Blog Posts Could Cross-Docking Help Your Supply Chain?

Whether they’re consolidating LTL into truckload to reduce the number of deliveries to retail outlets or breaking larger loads into individual orders for home delivery, more and more companies are finding value in cross-docking today.

There has been a recent resurgence of interest in the practice of receiving product and shipping it out without putting it into storage. Cross-docks are typically used for “hub-and-spoke” arrangements, consolidation, or deconsolidation.

Saddle Creek’s new report explores the advantages of cross-docking in today’s marketplace, identifies important factors to consider before adopting the practice, and examines when it makes sense to outsource.

Following is an excerpt from the Ultimate Cross-Docking Guide

Why Cross-Dock?

Companies find that cross-docking gives them an opportunity to take costs out of their supply chains and gain transportation efficiencies, so they can better serve their customers.

Enhanced Service

“Most companies consider cross-docking to improve customer service,” says Tom Patterson, a senior vice president at Saddle Creek Logistics Services with more than 30 years of cross-docking experience.

Cross-docking allows products to reach their end destination more quickly and economically, ensuring that products are available when needed and reducing supply chain costs. This is particularly important for omnichannel operations challenged to meet increasing demand for same-day or next-day deliveries.

Recently, Patterson observes, there has been expanded use of cross-docking to support a direct-to-consumer business model – specifically for home delivery. The practice allows omnichannel companies to have a smaller representative inventory of products that can be quickly deployed to meet customer demand.

Cross-docking can also be used to get the right mix of products to the customer. Some operations break apart pallets into individual orders—layer picking or even case picking to get stores what they need. Store-ready orders can be prepared by suppliers for shipment to the cross-dock, then routed for delivery utilizing the most cost-effective mode of transportation.

Cost Savings

Cross-docking offers opportunities for cost control in several areas, most notably warehouse space, labor and transportation.

Warehouse space.  Since inventory is not stored in a warehouse, companies can avoid the major brick-and-mortar investment of a huge warehouse and reduce their inventory carrying cost.

Cross-docking does require a somewhat larger footprint in an omnichannel environment where order sizes are much smaller and short-term storage may be needed. “Direct-to-consumer orders for appliances, for example, require more concrete. They’re moving in one’s and two’s, so it might take three to five days to accumulate enough for a truckload,” Patterson explains. “The practice still delivers significant cost-saving efficiencies, however.”

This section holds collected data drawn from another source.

lemma emeasure_hcube:
  fixes a :: "real^'d"
  assumes "0 \<le> s"
  shows "emeasure lborel (hcube a s) = ennreal (s ^ CARD('d))"
proof -
  let ?b = "a + (\<chi> i. s)"
  have le: "\<forall>i\<in>Basis. a \<bullet> i \<le> ?b \<bullet> i"
    using assms by (auto simp: Basis_vec_def inner_axis)
  have "(\<Prod>i\<in>Basis. (?b - a) \<bullet> i) = (\<Prod>i\<in>(Basis::(real^'d) set). s)"
    by (intro prod.cong) (auto simp: Basis_vec_def inner_axis)
  then have vol: "(\<Prod>i\<in>Basis. (?b - a) \<bullet> i) = s ^ CARD('d)"
    by simp
  have "emeasure lborel (box a ?b) \<le> emeasure lborel (hcube a s)"
    by (intro emeasure_mono) (auto simp: hcube_def mem_box_cart less_imp_le)
  moreover have "emeasure lborel (hcube a s) \<le> emeasure lborel (cbox a ?b)"
    by (intro emeasure_mono) (auto simp: hcube_def mem_box_cart less_imp_le)
  ultimately show ?thesis
    using le vol by (simp add: emeasure_lborel_box_eq emeasure_lborel_cbox_eq antisym)
qed

lemma cubeQ_eq_hcube: "cubeQ r = hcube (\<chi> i. - r / 2) r"
  by (auto simp: cubeQ_def hcube_def)

lemma bounded_hcube: "bounded (hcube a s)"
  by (rule bounded_subset[OF bounded_cbox[of a "a + (\<chi> i. s)"]])
     (auto simp: hcube_def mem_box_cart less_imp_le)

lemma bounded_subset_cubeQ:
  fixes S :: "(real^'d) set"
  assumes "bounded S"
  obtains \<rho> where "1 < \<rho>" "S \<subseteq> cubeQ \<rho>"
proof -
  obtain B where B: "\<forall>x\<in>S. norm x \<le> B"
    using assms by (auto simp: bounded_iff)
  have "S \<subseteq> cubeQ (2 * \<bar>B\<bar> + 2)"
  proof
    fix x assume "x \<in> S"
    then have "norm x \<le> \<bar>B\<bar>"
      using B by fastforce
    then have "- (2 * \<bar>B\<bar> + 2) / 2 \<le> x$i \<and> x$i < (2 * \<bar>B\<bar> + 2) / 2" for i
      using component_le_norm_cart[of x i] by (simp add: abs_le_iff)
    then show "x \<in> cubeQ (2 * \<bar>B\<bar> + 2)"
      by (simp add: cubeQ_def)
  qed
  then show thesis
    using that[of "2 * \<bar>B\<bar> + 2"] by simp
qed

definition dyadic_cube :: "nat \<Rightarrow> ('d::finite \<Rightarrow> int) \<Rightarrow> (real^'d) set" where
  "dyadic_cube n z = hcube (\<chi> i. of_int (z i) / 2^n) (1 / 2^n)"

lemma dyadic_cube_borel [measurable]: "dyadic_cube n z \<in> sets borel"
  by (simp add: dyadic_cube_def)

lemma mem_dyadic_cube: "x \<in> dyadic_cube n z \<longleftrightarrow> (\<forall>i. z i = \<lfloor>2^n * x$i\<rfloor>)"
proof -
  have "(of_int (z i) / 2^n \<le> x$i \<and> x$i < of_int (z i) / 2^n + 1 / 2^n)
        \<longleftrightarrow> z i = \<lfloor>2^n * x$i\<rfloor>" for i
    by (simp add: field_simps floor_eq_iff eq_commute[of "z i"])
  then show ?thesis by (simp add: dyadic_cube_def hcube_def)
qed

lemma disjoint_family_dyadic_cube: "disjoint_family_on (dyadic_cube n) Z"
  by (auto simp: disjoint_family_on_def mem_dyadic_cube fun_eq_iff)

lemma dist_dyadic_cube_less:
  fixes x y :: "real^'d"
  assumes "x \<in> dyadic_cube n z" "y \<in> dyadic_cube n z"
  shows "dist y x < real CARD('d) / 2^n"
proof -
  have "\<bar>2^n * y$i - 2^n * x$i\<bar> < 1" for i
  proof -
    have "z i = \<lfloor>2^n * x$i\<rfloor>" "z i = \<lfloor>2^n * y$i\<rfloor>"
      using assms by (auto simp: mem_dyadic_cube)
    then show ?thesis by linarith
  qed
  then have "2^n * \<bar>(y - x)$i\<bar> < 1" for i
    by (simp add: abs_mult right_diff_distrib[symmetric])
  then have comp: "\<bar>(y - x)$i\<bar> < 1 / 2^n" for i
    by (simp add: field_simps)
  have "dist y x \<le> (\<Sum>i\<in>UNIV. \<bar>(y - x)$i\<bar>)"
    unfolding dist_norm by (rule norm_le_l1_cart)
  also have "\<dots> < (\<Sum>i\<in>(UNIV::'d set). 1 / 2^n)"
    by (rule sum_strict_mono) (use comp in auto)
  finally show ?thesis by simp
qed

Transportation.  The biggest opportunities for cross-dock savings are transportation related, Patterson says. Considerable freight savings can be achieved by consolidating LTL shipments into full loads. Cross-docking also enables companies to ship full truckloads of products close to the customer, reducing the distance (and cost) of final-mile deliveries. Taking advantage of transportation efficiencies also allows companies to mitigate the impact of rising fuel costs.

Labor.  Because cross-docked products are not put into storage, less handling is required. Companies save on labor costs when they accumulate freight coming in, mix and match it, and put it on trucks.